As it can be seen from conntrack output, only the first portset 7264...7279 (0x1c60...0x1c6f) is utilized, because the connlimit count is not full while NAT cannot allocate any more ports yet. The web browser on 172.24.245.144 is stalled waiting for other connections it started to establish.

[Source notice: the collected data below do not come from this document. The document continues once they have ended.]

lemma lr_le_lin12_power5: "lr_le (lin12 ^ 5) (branch1_factor * [:2,3:] ^ 2)"
proof -
  have "lin12 ^ 5 = [:1,10,40,80,80,32,0:]" unfolding lin12_def by (simp add: numeral_eq_Suc field_simps)
  moreover have "branch1_factor * [:2,3:] ^ 2 = [:4,44,185,376,376,156,9:]"
    unfolding branch1_factor_def by (simp add: power2_eq_square)
  moreover have "lr_le [:1,10,40,80,80,32,0:] [:4,44,185,376,376,156,9:]" by (rule lr_le_of_coeffs7) auto
  ultimately show ?thesis by simp
qed

lemma lr_le_lin12_power6: "lr_le (branch1_factor * lin11 ^ 2) (lin12 ^ 6)"
proof -
  have "branch1_factor * lin11 ^ 2 = [:1,10,37,64,53,18,1:]"
    unfolding branch1_factor_def lin11_def by (simp add: power2_eq_square)
  moreover have "lin12 ^ 6 = [:1,12,60,160,240,192,64:]" unfolding lin12_def by (simp add: numeral_eq_Suc field_simps)
  moreover have "lr_le [:1,10,37,64,53,18,1:] [:1,12,60,160,240,192,64:]" by (rule lr_le_of_coeffs7) auto
  ultimately show ?thesis by simp
qed

lemma lr_le_lin12_power_lower_product:
  "lr_le (lin12 ^ (m0 + n0 + 5)) (branch1_factor * ([:2,3:] * lin12 ^ m0) * ([:2,3:] * lin12 ^ n0))"
proof -
  have "lin12 ^ 5 * lin12 ^ (m0 + n0) = lin12 ^ (m0 + n0 + 5)"
    by (simp only: power_add[symmetric] add.commute)
  moreover have "branch1_factor * [:2,3:] ^ 2 * lin12 ^ (m0 + n0)
      = branch1_factor * ([:2,3:] * lin12 ^ m0) * ([:2,3:] * lin12 ^ n0)"
    by (simp only: power_add power2_eq_square mult_ac)
  ultimately show ?thesis
    using lr_le_mult_pf2[OF lr_le_lin12_power5 pf2_power[OF pf2_lin12, of "m0 + n0"]] by (simp only:)
qed

lemma lr_le_upper_product_lin12_power:
  "lr_le (branch1_factor * (lin12 ^ m * lin11) * (lin12 ^ n * lin11)) (lin12 ^ (m + n + 6))"
proof -
  have "branch1_factor * lin11 ^ 2 * lin12 ^ (m + n) = branch1_factor * (lin12 ^ m * lin11) * (lin12 ^ n * lin11)"
    by (simp only: power_add power2_eq_square mult_ac)
  moreover have "lin12 ^ 6 * lin12 ^ (m + n) = lin12 ^ (m + n + 6)"
    by (simp only: power_add[symmetric] add.commute)
  ultimately show ?thesis
    using lr_le_mult_pf2[OF lr_le_lin12_power6 pf2_power[OF pf2_lin12, of "m + n"]] by (simp only:)
qed
(* Let $\mathbb{H}\in\{\mathbb{R},\mathbb{C}\}$ and let $A\in\mathbb{H}^{m\times d}$ have the phase retrieval property. Then the set $\mathcal{K}_A=\{|Ax|:x\in\mathbb{H}^d\}\subset\mathbb{R}^m$ is not convex.
   Context: $|Ax|$ is the vector of entrywise moduli. $A$ has the phase retrieval property if for all $x,y\in\mathbb{H}^d$, $|Ax|=|Ay|$ implies $x=cy$ for some $c\in\mathbb{H}$ with $|c|=1$. *)

theory Defs
  imports "HOL-Analysis.Analysis"
begin

definition abs_meas :: "('a::real_normed_field)^'d^'m \<Rightarrow> 'a^'d \<Rightarrow> real^'m" where
  "abs_meas A x = (\<chi> i. norm ((A *v x) $ i))"

definition phase_retrieval :: "('a::real_normed_field)^'d^'m \<Rightarrow> bool" where
  "phase_retrieval A \<longleftrightarrow>
     (\<forall>x y. abs_meas A x = abs_meas A y \<longrightarrow> (\<exists>c. norm c = 1 \<and> x = c *s y))"

end

theory Submission
  imports Defs
begin

text \<open>Suppose the range of \<open>abs_meas A\<close> is convex. Among linearly independent pairs
  \<open>(u, w)\<close> pick one for which \<open>A u\<close> and \<open>A w\<close> have the most common zeros. Maximality forces
  every \<open>z\<close> with \<open>A z\<close> vanishing on these rows to be a combination \<open>a u + b w\<close>, and after
  shearing the pair there are rows where exactly one of \<open>A u\<close>, \<open>A w\<close> vanishes. For unimodular
  \<open>g\<close> the midpoint of \<open>|A(u + g w)|\<close> and \<open>|A(u - g w)|\<close> is some \<open>|A z|\<close>; then \<open>z = a u + b w\<close>,
  the two special rows give \<open>|a| = |b| = 1\<close>, so the midpoint is \<open>|A(u + d w)|\<close> with
  \<open>|d| = 1\<close>. Over the reals \<open>d = \<plusminus>1\<close> (take \<open>g = 1\<close>). Over the complex numbers, choose a row
  where \<open>s = (A u)\<^sub>k\<close> and \<open>t = (A w)\<^sub>k\<close> are both nonzero and rotate \<open>g\<close> so that
  \<open>|s + g t| = |s - g t|\<close>; that row then forces \<open>d = \<plusminus>g\<close>. In both cases the midpoint equals an
  endpoint, so \<open>|A(u + g w)| = |A(u - g w)|\<close>, and phase retrieval makes \<open>u + g w\<close> and
  \<open>u - g w\<close> proportional, contradicting independence.\<close>

declare matrix_vector_right_distrib [simp] matrix_vector_mult_diff_distrib [simp]
  vector_scalar_commute [simp]

lemma abs_meas_component [simp]: "abs_meas A x $ i = norm ((A *v x) $ i)"
  by (simp add: abs_meas_def)

lemma phase_retrieval_imp_injective:
  assumes "phase_retrieval A" "A *v x = 0"
  shows "x = 0"
proof -
  have "abs_meas A x = abs_meas A 0"
    using assms(2) by (simp add: abs_meas_def)
  then obtain c where "x = c *s 0"
    using assms(1) unfolding phase_retrieval_def by blast
  then show ?thesis by simp
qed

lemma phase_retrieval_obtain_nonzero_row:
  assumes "phase_retrieval A" "x \<noteq> 0"
  obtains i where "(A *v x) $ i \<noteq> 0"
  using phase_retrieval_imp_injective[OF assms(1)] assms(2) by (metis vec_eq_iff zero_index)

lemma abs_meas_smult: "abs_meas A (c *s x) = norm c *\<^sub>R abs_meas A x"
  by (simp add: abs_meas_def vec_eq_iff norm_mult)

definition independent_pair :: "'a::field^'d \<Rightarrow> 'a^'d \<Rightarrow> bool" where
  "independent_pair u w \<longleftrightarrow> (\<forall>a b. a *s u + b *s w = 0 \<longrightarrow> a = 0 \<and> b = 0)"

lemma independent_pair_nonzero:
  assumes "independent_pair u w"
  shows "u \<noteq> 0" "w \<noteq> 0"
  using assms[unfolded independent_pair_def, rule_format, of 1 0]
    assms[unfolded independent_pair_def, rule_format, of 0 1] by auto

lemma independent_pair_commute: "independent_pair w u \<longleftrightarrow> independent_pair u w"
  unfolding independent_pair_def by (metis add.commute)

lemma smult_shear_combination:
  fixes u w :: "'a::field^'d"
  shows "a *s u + b *s (w + c *s u) = (a + b * c) *s u + b *s w"
  by (simp add: vec_eq_iff algebra_simps)

lemma independent_pair_shear:
  assumes "independent_pair u w"
  shows "independent_pair u (w + c *s u)"
  unfolding independent_pair_def smult_shear_combination
  using assms[unfolded independent_pair_def] by fastforce

lemma independent_pair_axis:
  assumes "j \<noteq> k"
  shows "independent_pair (axis j (1::'a::field)) (axis k 1)"
  unfolding independent_pair_def
proof (intro allI impI)
  fix a b :: 'a
  assume "a *s axis j 1 + b *s axis k 1 = 0"
  then have "(a *s axis j 1 + b *s axis k 1) $ j = 0" "(a *s axis j 1 + b *s axis k 1) $ k = 0"
    by simp_all
  then show "a = 0 \<and> b = 0" using assms by (simp add: axis_def)
qed

definition common_zeros :: "'a::field^'d^'m \<Rightarrow> 'a^'d \<Rightarrow> 'a^'d \<Rightarrow> 'm set" where
  "common_zeros A u w = {i. (A *v u) $ i = 0 \<and> (A *v w) $ i = 0}"

definition spans_vanishing_space :: "'a::field^'d^'m \<Rightarrow> 'a^'d \<Rightarrow> 'a^'d \<Rightarrow> bool" where
  "spans_vanishing_space A u w \<longleftrightarrow>
     (\<forall>z. (\<forall>i\<in>common_zeros A u w. (A *v z) $ i = 0) \<longrightarrow> (\<exists>a b. z = a *s u + b *s w))"

lemma spans_vanishing_space_commute:
  "spans_vanishing_space A w u \<longleftrightarrow> spans_vanishing_space A u w"
  unfolding spans_vanishing_space_def common_zeros_def by (simp add: conj_commute) (metis add.commute)

lemma spans_vanishing_space_shear:
  assumes "spans_vanishing_space A u w"
  shows "spans_vanishing_space A u (w + c *s u)"
  unfolding spans_vanishing_space_def
proof (intro allI impI)
  fix z
  assume "\<forall>i\<in>common_zeros A u (w + c *s u). (A *v z) $ i = 0"
  moreover have "common_zeros A u (w + c *s u) = common_zeros A u w"
    by (auto simp: common_zeros_def)
  ultimately obtain a b where "z = a *s u + b *s w"
    using assms unfolding spans_vanishing_space_def by auto
  then have "z = (a - b * c) *s u + b *s (w + c *s u)"
    by (simp add: smult_shear_combination)
  then show "\<exists>a b. z = a *s u + b *s (w + c *s u)" by blast
qed

lemma common_zeros_enlarge:
  fixes A :: "'a::field^'d^'m"
  assumes ind: "independent_pair u w" and not_spanning: "\<not> spans_vanishing_space A u w"
    and i: "(A *v u) $ i \<noteq> 0"
  obtains u' w' where "independent_pair u' w'" "common_zeros A u w \<subset> common_zeros A u' w'"
proof -
  obtain z where z: "\<forall>j\<in>common_zeros A u w. (A *v z) $ j = 0"
    and not_comb: "\<not> (\<exists>a b. z = a *s u + b *s w)"
    using not_spanning unfolding spans_vanishing_space_def by blast
  have ind3: "a = 0 \<and> b = 0 \<and> c = 0" if "a *s u + b *s w + c *s z = 0" for a b c
  proof (cases "c = 0")
    case True
    then show ?thesis using that ind unfolding independent_pair_def by auto
  next
    case False
    then have "z = (- a / c) *s u + (- b / c) *s w"
      using that by (simp add: vec_eq_iff field_simps) (metis add_eq_0_iff2 add.commute)
    then show ?thesis using not_comb by blast
  qed
  \<comment> \<open>Both new vectors vanish at row \<open>i\<close>, where \<open>u\<close> does not.\<close>
  define u' where "u' = (A *v w) $ i *s u - (A *v u) $ i *s w"
  define w' where "w' = (A *v z) $ i *s u - (A *v u) $ i *s z"
  have "independent_pair u' w'"
    unfolding independent_pair_def
  proof (intro allI impI)
    fix l m
    assume "l *s u' + m *s w' = 0"
    then have "(l * (A *v w) $ i + m * (A *v z) $ i) *s u + (- l * (A *v u) $ i) *s w
        + (- m * (A *v u) $ i) *s z = 0"
      unfolding u'_def w'_def by (simp add: vec_eq_iff algebra_simps)
    then have "- l * (A *v u) $ i = 0" "- m * (A *v u) $ i = 0" using ind3 by blast+
    then show "l = 0 \<and> m = 0" using i by simp
  qed
  moreover have "common_zeros A u w \<subset> common_zeros A u' w'"
  proof -
    have "common_zeros A u w \<subseteq> common_zeros A u' w'"
      using z unfolding common_zeros_def u'_def w'_def by auto
    moreover have "i \<in> common_zeros A u' w'" "i \<notin> common_zeros A u w"
      unfolding common_zeros_def u'_def w'_def using i by (auto simp: mult.commute)
    ultimately show ?thesis by blast
  qed
  ultimately show thesis using that by blast
qed

lemma phase_retrieval_obtain_spanning_pair:
  fixes A :: "'a::real_normed_field^'d^'m::finite"
  assumes card: "CARD('d) \<ge> 2" and pr: "phase_retrieval A"
  obtains u w where "independent_pair u w" "spans_vanishing_space A u w"
proof -
  obtain j k :: 'd where "j \<noteq> k"
    using card card_le_Suc0_iff_eq[OF finite[of "UNIV :: 'd set"]] by auto
  then have "independent_pair (axis j (1::'a)) (axis k 1)"
    by (rule independent_pair_axis)
  then obtain p where p: "independent_pair (fst p) (snd p)"
    and p_max: "\<And>q. independent_pair (fst q) (snd q) \<Longrightarrow>
      card (common_zeros A (fst q) (snd q)) \<le> card (common_zeros A (fst p) (snd p))"
    using ex_has_greatest_nat[of "\<lambda>q. independent_pair (fst q) (snd q)" "(axis j 1, axis k 1)"
        "\<lambda>q. card (common_zeros A (fst q) (snd q))" "Suc CARD('m)"]
    by (auto simp: less_Suc_eq_le card_mono)
  have "spans_vanishing_space A (fst p) (snd p)"
  proof (rule ccontr)
    assume "\<not> spans_vanishing_space A (fst p) (snd p)"
    moreover obtain i where "(A *v fst p) $ i \<noteq> 0"
      using phase_retrieval_obtain_nonzero_row[OF pr] independent_pair_nonzero(1)[OF p] by blast
    ultimately obtain u' w' where "independent_pair u' w'"
      and grow: "common_zeros A (fst p) (snd p) \<subset> common_zeros A u' w'"
      using common_zeros_enlarge[OF p] by blast
    moreover have "card (common_zeros A (fst p) (snd p)) < card (common_zeros A u' w')"
      using psubset_card_mono[OF finite grow] .
    ultimately show False using p_max[of "(u', w')"] by simp
  qed
  then show thesis using that p by blast
qed

lemma phase_retrieval_obtain_separated_spanning_pair:
  fixes A :: "'a::real_normed_field^'d^'m::finite"
  assumes "CARD('d) \<ge> 2" and pr: "phase_retrieval A"
  obtains u w i j where "independent_pair u w" "spans_vanishing_space A u w"
    "(A *v u) $ i = 0" "(A *v w) $ i \<noteq> 0" "(A *v u) $ j \<noteq> 0" "(A *v w) $ j = 0"
proof -
  obtain u w0 where ind0: "independent_pair u w0" and spanning0: "spans_vanishing_space A u w0"
    using phase_retrieval_obtain_spanning_pair[OF assms] .
  obtain j where uj: "(A *v u) $ j \<noteq> 0"
    using phase_retrieval_obtain_nonzero_row[OF pr independent_pair_nonzero(1)[OF ind0]] .
  define w where "w = w0 + (- (A *v w0) $ j / (A *v u) $ j) *s u"
  have ind1: "independent_pair w u" and spanning1: "spans_vanishing_space A w u"
    unfolding w_def
    using independent_pair_shear[OF ind0] spans_vanishing_space_shear[OF spanning0]
      independent_pair_commute spans_vanishing_space_commute by blast+
  have wj: "(A *v w) $ j = 0"
    using uj by (simp add: w_def)
  obtain i where wi: "(A *v w) $ i \<noteq> 0"
    using phase_retrieval_obtain_nonzero_row[OF pr independent_pair_nonzero(1)[OF ind1]] .
  define u' where "u' = u + (- (A *v u) $ i / (A *v w) $ i) *s w"
  have "independent_pair u' w" "spans_vanishing_space A u' w"
    unfolding u'_def
    using independent_pair_shear[OF ind1] spans_vanishing_space_shear[OF spanning1]
      independent_pair_commute spans_vanishing_space_commute by blast+
  moreover have "(A *v u') $ i = 0" "(A *v u') $ j \<noteq> 0"
    using wi wj uj by (simp_all add: u'_def)
  ultimately show thesis using that wi wj by blast
qed

lemma abs_meas_sign_flip_ne:
  fixes A :: "'a::real_normed_field^'d^'m"
  assumes pr: "phase_retrieval A" and ind: "independent_pair u w" and "g \<noteq> 0"
  shows "abs_meas A (u + g *s w) \<noteq> abs_meas A (u - g *s w)"
proof
  assume "abs_meas A (u + g *s w) = abs_meas A (u - g *s w)"
  then obtain c where "u + g *s w = c *s (u - g *s w)"
    using pr unfolding phase_retrieval_def by blast
  then have "(1 - c) *s u + (g + c * g) *s w = 0"
    by (simp add: vec_eq_iff algebra_simps)
  then have "1 - c = 0 \<and> g + c * g = 0"
    using ind unfolding independent_pair_def by blast
  then have "g + g = 0" by auto
  then show False using \<open>g \<noteq> 0\<close> by simp
qed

One workaround I've seen is to distribute connections between portsets in a round-robin fashion with -m statistic --mode nth (probably equivalent to multiple --to-source statements pre 2.6.11 kernel according to iptables-extensions(8)) by MARKing packets, which alleviates the problem significantly and certainly allows more than 16 TCP connections per IPv4 host, but still does not utilize ports in the most reliable way because the selected portset could be full while other is available.

To summarize,
*My IPv4 connection over MAP-E works most of the time, but are limited to 16 TCP connections per IPv4 destination in most cases despite having 240 ports available and some IPv4-only websites fail to load due to this.
*Is there any better way to implement MAP on OpenWrt, or Linux netfilter/iptables/nftables in general, ideally as efficient as if the port allocation was continuous,
*Or if not are there any suggestions on how to implement the round-robin method inside the MAP package? Once I learn more about the internals of OpenWrt I will try to contribute.

This is my first port as a newcomer, I hope this post was appropriate.